What is expected =
Below are records; quote them exactly from the first line through the line that contains "using cls_H0_eq_iff cls_H1_eq_iff".

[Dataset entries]
══════════

lemma cls_H0_eq_iff_cls_H1_eq:
  "v \<in> H \<Longrightarrow> w \<in> H \<Longrightarrow> cls H0 lam (adj H0 lam v) = cls H0 lam (adj H0 lam w) \<longleftrightarrow>
     cls H1 (neg_form lam) (adj H1 lam v) = cls H1 (neg_form lam) (adj H1 lam w)"
  using cls_H0_eq_iff cls_H1_eq_iff form1.cls_neg_form by simp

definition theta :: "('v \<Rightarrow> int) set \<Rightarrow> ('v \<Rightarrow> int) set" where
  "theta c = cls H1 (neg_form lam) (adj H1 lam (SOME v. v \<in> H \<and> c = cls H0 lam (adj H0 lam v)))"

lemma theta_cls:
  assumes v: "v \<in> H"
  shows "theta (cls H0 lam (adj H0 lam v)) = cls H1 (neg_form lam) (adj H1 lam v)"
proof -
  let ?P = "\<lambda>v'. v' \<in> H \<and> cls H0 lam (adj H0 lam v) = cls H0 lam (adj H0 lam v')"
  define v' where "v' = (SOME v'. ?P v')"
  have "?P v'" using someI[of ?P v] v unfolding v'_def by blast
  then have "cls H1 (neg_form lam) (adj H1 lam v') = cls H1 (neg_form lam) (adj H1 lam v)"
    using cls_H0_eq_iff_cls_H1_eq[OF v] by blast
  then show ?thesis unfolding theta_def v'_def .
qed

lemma dual_H0_eq_image: "dual H0 = adj H0 lam ` H"
proof (intro equalityI subsetI)
  fix x assume "x \<in> dual H0"
  then show "x \<in> adj H0 lam ` H"
    using nonsing_adj_restrict_surj[OF summand subgrp_H nonsing] by (metis image_eqI)
qed (use form.adj_mem_dual[OF H0_subset subgrp_H0] in blast)

lemma dual_H1_eq_image: "dual H1 = adj H1 lam ` H"
proof (intro equalityI subsetI)
  fix x assume "x \<in> dual H1"
  then show "x \<in> adj H1 lam ` H"
    using nonsing_adj_restrict_surj[OF H1_direct_summand subgrp_H nonsing] by (metis image_eqI)
qed (use form.adj_mem_dual[OF H1_subset subgrp_H1] in blast)

lemma carrier_cok_H0: "carrier (cok_grp H0 lam) = (\<lambda>v. cls H0 lam (adj H0 lam v)) ` H"
  unfolding cok_grp_def dual_H0_eq_image by auto

lemma carrier_cok_H1: "carrier (cok_grp H1 (neg_form lam)) = (\<lambda>v. cls H1 (neg_form lam) (adj H1 lam v)) ` H"
  unfolding cok_grp_def dual_H1_eq_image by auto

lemma mult_cok_H0:
  "v \<in> H \<Longrightarrow> w \<in> H \<Longrightarrow> cls H0 lam (adj H0 lam v) \<otimes>\<^bsub>cok_grp H0 lam\<^esub> cls H0 lam (adj H0 lam w)
     = cls H0 lam (adj H0 lam (v + w))"
  unfolding cok_grp_def
  using form0.cls_add[OF form.adj_mem_dual[OF H0_subset subgrp_H0] form.adj_mem_dual[OF H0_subset subgrp_H0]]
    form.adj_add[OF H0_subset]
  by simp

lemma mult_cok_H1:
  "v \<in> H \<Longrightarrow> w \<in> H \<Longrightarrow>
     cls H1 (neg_form lam) (adj H1 lam v) \<otimes>\<^bsub>cok_grp H1 (neg_form lam)\<^esub> cls H1 (neg_form lam) (adj H1 lam w)
     = cls H1 (neg_form lam) (adj H1 lam (v + w))"
  unfolding cok_grp_def
  using form1_neg.cls_add[OF form.adj_mem_dual[OF H1_subset subgrp_H1] form.adj_mem_dual[OF H1_subset subgrp_H1]]
    form.adj_add[OF H1_subset]
  by simp

lemma theta_iso: "theta \<in> iso (cok_grp H0 lam) (cok_grp H1 (neg_form lam))"
proof -
  have "theta \<in> hom (cok_grp H0 lam) (cok_grp H1 (neg_form lam))"
    unfolding hom_def carrier_cok_H0 carrier_cok_H1
    using theta_cls mult_cok_H0 mult_cok_H1 subgrp_add[OF subgrp_H] by auto
  moreover have "inj_on theta (carrier (cok_grp H0 lam))"
  proof (rule inj_onI)
    fix c d assume "c \<in> carrier (cok_grp H0 lam)" "d \<in> carrier (cok_grp H0 lam)" "theta c = theta d"
    then obtain v w where "v \<in> H" "w \<in> H" "c = cls H0 lam (adj H0 lam v)" "d = cls H0 lam (adj H0 lam w)"
      "theta c = theta d" unfolding carrier_cok_H0 by blast
    then show "c = d" using theta_cls cls_H0_eq_iff_cls_H1_eq by simp
  qed
  moreover have "theta ` carrier (cok_grp H0 lam) = carrier (cok_grp H1 (neg_form lam))"
    unfolding carrier_cok_H0 carrier_cok_H1 image_image using theta_cls by (intro image_cong) simp_all
  ultimately show ?thesis unfolding iso_def bij_betw_def by blast
qed

lemma characteristic_element:
  obtains c where "c \<in> H" "\<And>T. T \<subseteq> H \<Longrightarrow> dual_of T alpha = adj T lam c"
proof -
  have "additive_on H alpha" using family by (simp add: in_family_def is_qf_def additive_on_def)
  then have "dual_of H alpha \<in> dual H" by (rule dual_of_mem_dual[OF subgrp_H])
  then obtain c where c: "c \<in> H" "adj H lam c = dual_of H alpha" using nonsing unfolding nonsing_def by blast
  have "dual_of T alpha = adj T lam c" if "T \<subseteq> H" for T
  proof
    fix w show "dual_of T alpha w = adj T lam c w"
      using fun_cong[OF c(2), of w] that by (cases "w \<in> T") (auto simp: dual_of_def)
  qed
  with c(1) show thesis by (rule that)
qed

lemma theta_cls_alpha: "theta (cls H0 lam (dual_of H0 alpha)) = cls H1 (neg_form lam) (dual_of H1 alpha)"
  using characteristic_element theta_cls H0_subset H1_subset by metis

lemma linv_H0_split:
  assumes v: "v \<in> H" and ra: "r \<noteq> 0" "a0 \<in> H0" "a1 \<in> H1" "zsc r v = a0 + a1" and y: "y \<in> dual H0"
  shows "linv H0 lam (adj H0 lam v) y = of_int (y a0) / of_int r"
proof -
  have "(\<lambda>w. r * adj H0 lam v w) = adj H0 lam (zsc r v)" using form.adj_zsc[OF H0_subset v] by simp
  also have "\<dots> = adj H0 lam a0 + adj H0 lam a1"
    using ra(2-4) form.adj_add[OF H0_subset] H0_subset H1_subset by auto
  also have "\<dots> = adj H0 lam a0" using adj_H0_eq_0_iff ra(3) H1_subset by auto
  finally show ?thesis using form0.linv_eq[OF nondeg_H0 ra(1,2) _ y] by simp
qed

══════════

Task response =
lemma cls_H0_eq_iff_cls_H1_eq:
  "v \<in> H \<Longrightarrow> w \<in> H \<Longrightarrow> cls H0 lam (adj H0 lam v) = cls H0 lam (adj H0 lam w) \<longleftrightarrow>
     cls H1 (neg_form lam) (adj H1 lam v) = cls H1 (neg_form lam) (adj H1 lam w)"
  using cls_H0_eq_iff cls_H1_eq_iff form1.cls_neg_form by simp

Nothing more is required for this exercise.